Вскоре после этого разговора Шемякин уехал в Нью-Йорк — там снимался фильм о нем. Вдруг звонок из Парижа:
— Миша, я потрясен! Просматриваю все (Шемякин накануне закончил серию рисунков «Чрево Парижа») и пишу. Каждое четверостишье буду читать тебе по телефону.
Так, потрясенный произведениями двух мастеров кисти, мастер слова писал балладу — «Тушеноши» («Михаилу Шемякину — под впечатлением от серии "Чрево"»).
АЛЕКСАНДР ГАЛИЧ
Если брать наших самых крупных поэтов-песенников, то есть Окуджаву, Галича и Высоцкого, я лично вижу Высоцкого на первом месте.
Андрей Синявский
15 декабря 1977 года в своей парижской квартире погиб Александр Галич. Согласно официальной версии обстоятельства смерти были случайными и нелепыми. В этот день ему доставили из Италии стереосистему «Грюндиг», в которую входил магнитофон, телевизор и радиоприемник. Мало знакомый с техникой Галич, не дожидаясь специалистов, стал подключать только что доставленную радиоаппаратуру, перепутал гнезда на задней стенке телевизора и коснулся цепей высокого напряжения. Его ударило током. Для сердца, перенесшего три инфаркта, это оказалось смертельным. Властями перед женой — Ангелиной Николаевной — вопрос был поставлен ребром: если вы признаете его смерть несчастным случаем, то получите на радио «Свобода» пожизненную ренту, если нет — не получите ничего.
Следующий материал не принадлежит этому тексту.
lemma hermitian_quad_form_maximizer_eigenvector:
  assumes H: "hermitian_mat n H" and u: "u \<in> carrier_vec n"
    and bound: "\<And>v. v \<in> carrier_vec n \<Longrightarrow> quad_form H v \<le> lam * sq_norm_vec v"
    and attained: "quad_form H u = lam * sq_norm_vec u"
  shows "H *\<^sub>v u = complex_of_real lam \<cdot>\<^sub>v u"
proof -
  have Hc: "H \<in> carrier_mat n n" using H unfolding hermitian_mat_def by blast
  define gap where "gap v = lam * sq_norm_vec v - quad_form H v" for v
  have gap_nonneg: "gap v \<ge> 0" if "v \<in> carrier_vec n" for v
    using bound[OF that] unfolding gap_def by simp
  define w where "w = complex_of_real lam \<cdot>\<^sub>v u - H *\<^sub>v u"
  have w: "w \<in> carrier_vec n" unfolding w_def using u Hc by simp
  have Hu: "H *\<^sub>v u \<in> carrier_vec n" using Hc u by simp
  \<comment> \<open>\<open>gap\<close> vanishes at \<open>u\<close>, so along the line \<open>u + t w\<close> its first-order term must vanish.\<close>
  have gap_line: "gap (u + complex_of_real t \<cdot>\<^sub>v w) = t\<^sup>2 * gap w + 2 * t * sq_norm_vec w" for t
  proof -
    have tw: "complex_of_real t \<cdot>\<^sub>v w \<in> carrier_vec n" using w by simp
    have "cinner w w = cinner w (complex_of_real lam \<cdot>\<^sub>v u) - cinner w (H *\<^sub>v u)"
      using cinner_diff_right[OF w _ Hu, of "complex_of_real lam \<cdot>\<^sub>v u"] u
      by (simp add: w_def[symmetric])
    then have "Re (cinner w w) = lam * Re (cinner w u) - Re (cinner w (H *\<^sub>v u))"
      by (simp add: cinner_smult_right[OF w u])
    then have "lam * (t * Re (cinner w u)) = t * Re (cinner w w) + t * Re (cinner w (H *\<^sub>v u))"
      by (simp add: right_diff_distrib mult.left_commute)
    then show ?thesis
      using sq_norm_vec_add[OF u tw] sq_norm_vec_smult[OF w] cinner_smult_left[OF w u]
        quad_form_add[OF H u tw] quad_form_smult[OF Hc w] cinner_smult_left[OF w Hu] attained
      unfolding gap_def sq_norm_vec_eq_Re_cinner[of w] by (simp add: algebra_simps)
  qed
  have "sq_norm_vec w = 0"
  proof (rule quadratic_nonneg_imp_linear_coeff_eq_0[OF gap_nonneg[OF w] sq_norm_vec_nonneg])
    fix t :: real
    show "0 \<le> t\<^sup>2 * gap w + 2 * t * sq_norm_vec w"
      using gap_nonneg[of "u + complex_of_real t \<cdot>\<^sub>v w"] u w unfolding gap_line by simp
  qed
  then have w0: "w = 0\<^sub>v n" using sq_norm_vec_eq_0_iff[OF w] by simp
  show ?thesis
  proof (rule eq_vecI)
    fix i assume "i < dim_vec (complex_of_real lam \<cdot>\<^sub>v u)"
    then have "i < n" using u by simp
    with w0 show "(H *\<^sub>v u) $ i = (complex_of_real lam \<cdot>\<^sub>v u) $ i"
      unfolding w_def using u Hu by (metis carrier_vecD index_minus_vec(1) index_smult_vec(2)
        index_zero_vec(1) right_minus_eq)
  qed (use u Hc in simp)
qed

lemma hermitian_max_eigenvalue:
  assumes H: "hermitian_mat n H" and n: "n > 0"
  obtains lam where "eigenvalue H (complex_of_real lam)"
    "\<And>v. v \<in> carrier_vec n \<Longrightarrow> quad_form H v \<le> lam * sq_norm_vec v"
proof -
  have Hc: "H \<in> carrier_mat n n" using H unfolding hermitian_mat_def by blast
  obtain u where u: "u \<in> carrier_vec n" and u1: "sq_norm_vec u = 1"
    and max: "\<And>v. v \<in> carrier_vec n \<Longrightarrow> sq_norm_vec v = 1 \<Longrightarrow> quad_form H v \<le> quad_form H u"
    using quad_form_attains_max_on_unit_sphere[OF Hc n] by blast
  define lam where "lam = quad_form H u"
  have bound: "quad_form H v \<le> lam * sq_norm_vec v" if v: "v \<in> carrier_vec n" for v
  proof (cases "v = 0\<^sub>v n")
    case True
    then show ?thesis using quad_form_zero[OF Hc] by (simp add: sq_norm_vec_def)
  next
    case False
    define c where "c = 1 / sqrt (sq_norm_vec v)"
    have pos: "sq_norm_vec v > 0" using sq_norm_vec_pos[OF v False] .
    then have c2: "c\<^sup>2 = 1 / sq_norm_vec v" unfolding c_def by (simp add: power_divide)
    have "sq_norm_vec (complex_of_real c \<cdot>\<^sub>v v) = 1" using sq_norm_vec_smult[OF v] c2 pos by simp
    then have "quad_form H (complex_of_real c \<cdot>\<^sub>v v) \<le> lam" unfolding lam_def using v by (intro max) simp
    then have "quad_form H v / sq_norm_vec v \<le> lam" using quad_form_smult[OF Hc v] c2 by simp
    then show ?thesis using pos by (simp add: divide_le_eq mult.commute)
  qed
  have "H *\<^sub>v u = complex_of_real lam \<cdot>\<^sub>v u"
    using hermitian_quad_form_maximizer_eigenvector[OF H u bound] u1 unfolding lam_def by simp
  moreover have "u \<noteq> 0\<^sub>v n" using u1 by (auto simp: sq_norm_vec_def)
  ultimately have "eigenvalue H (complex_of_real lam)"
    unfolding eigenvalue_def eigenvector_def using u Hc by auto
  then show ?thesis using bound that by blast
qed

subsection \<open>The spectral norm\<close>

lemma finite_real_eigenvalues:
  "H \<in> carrier_mat n n \<Longrightarrow> finite {\<mu>::real. eigenvalue H (complex_of_real \<mu>)}"
proof -
  assume H: "H \<in> carrier_mat n n"
  have "{\<mu>::real. eigenvalue H (complex_of_real \<mu>)} = complex_of_real -` spectrum H"
    unfolding spectrum_def by auto
  then show ?thesis using card_finite_spectrum(1)[OF H] by (metis finite_vimageI inj_of_real)
qed

lemma eigenvalue_adjoint_mult_self_nonneg:
  assumes N: "N \<in> carrier_mat k n" and ev: "eigenvalue (mat_adjoint N * N) (complex_of_real \<mu>)"
  shows "\<mu> \<ge> 0"
proof -
  have "mat_adjoint N * N \<in> carrier_mat n n" using N mat_adjoint_carrier[OF N] by simp
  then obtain w where w: "w \<in> carrier_vec n" "w \<noteq> 0\<^sub>v n"
    and eig: "mat_adjoint N * N *\<^sub>v w = complex_of_real \<mu> \<cdot>\<^sub>v w"
    using ev unfolding eigenvalue_def eigenvector_def by auto
  have "\<mu> * sq_norm_vec w = sq_norm_vec (N *\<^sub>v w)"
    using quad_form_adjoint_mult_self[OF N w(1)] cinner_smult_right[OF w(1) w(1)]
    unfolding quad_form_def eig by (simp add: sq_norm_vec_eq_Re_cinner)
  then show ?thesis
    using sq_norm_vec_pos[OF w] sq_norm_vec_nonneg[of "N *\<^sub>v w"] by (metis zero_le_mult_iff not_le)
qed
22 декабря в переполненной русской церкви на рю Дарю произошло отпевание. На нем присутствовали писатели, художники, общественные деятели, друзья и почитатели, многие из которых прибыли из-за границы — например, из Швейцарии, Норвегии. Только из России, которую Галич любил с сыновней нежностью, не приехал никто. Вдова Галича получила большое количество телеграмм, в том числе и из СССР — от А.Сахарова, «ссыльных» А.Марченко и Л.Богораз.
Западная и эмигрантская пресса поместили некрологи и прощальные слова, в церквях были отслужены молебны. Друзья на родине, о которых Галич так тосковал, тоже помянули его.
Он похоронен на небольшом кладбище Сент-Женевьев-дю-Буа в 25 километрах от Парижа. Вокруг русские надписи на памятниках выдающимся деятелям русской культуры И.Бунину, Д.Мережковскому, А.Ремизову, И.Шмелеву, М.Шагалу, А.Тарковскому, В.Некрасову...
На черной мраморной плите, под которой похоронен Галич, лежит черная мраморная роза и золотая гравировка: А. А. ГАЛИЧ. 19.Х-19 г. — 15 XII-77 г., и изречение из «Нового Завета» «Блажении изгнании правды ради». Через девять лет на этой плите появится еще одна надпись — А. Н. Галич.
В апреле 1978 года еженедельник «Неделя» поместил статью «Это случилось на "Свободе"». Если в нескольких словах: предатель родины, алкоголик, ловелас Галич, после того как покинул Советский Союз, стал агентом ЦРХ которое и спровоцировало несчастный случай, устав от его пьянок и тунеядства. Собаке — собачья смерть... Еще через десять лет в той же газете напишут, что — не предатель, не подонок, не уехал, а изгнан был большой поэт. А в стихах его не клевета, не очернительство, а боль и ненависть к тем, кто губил страну...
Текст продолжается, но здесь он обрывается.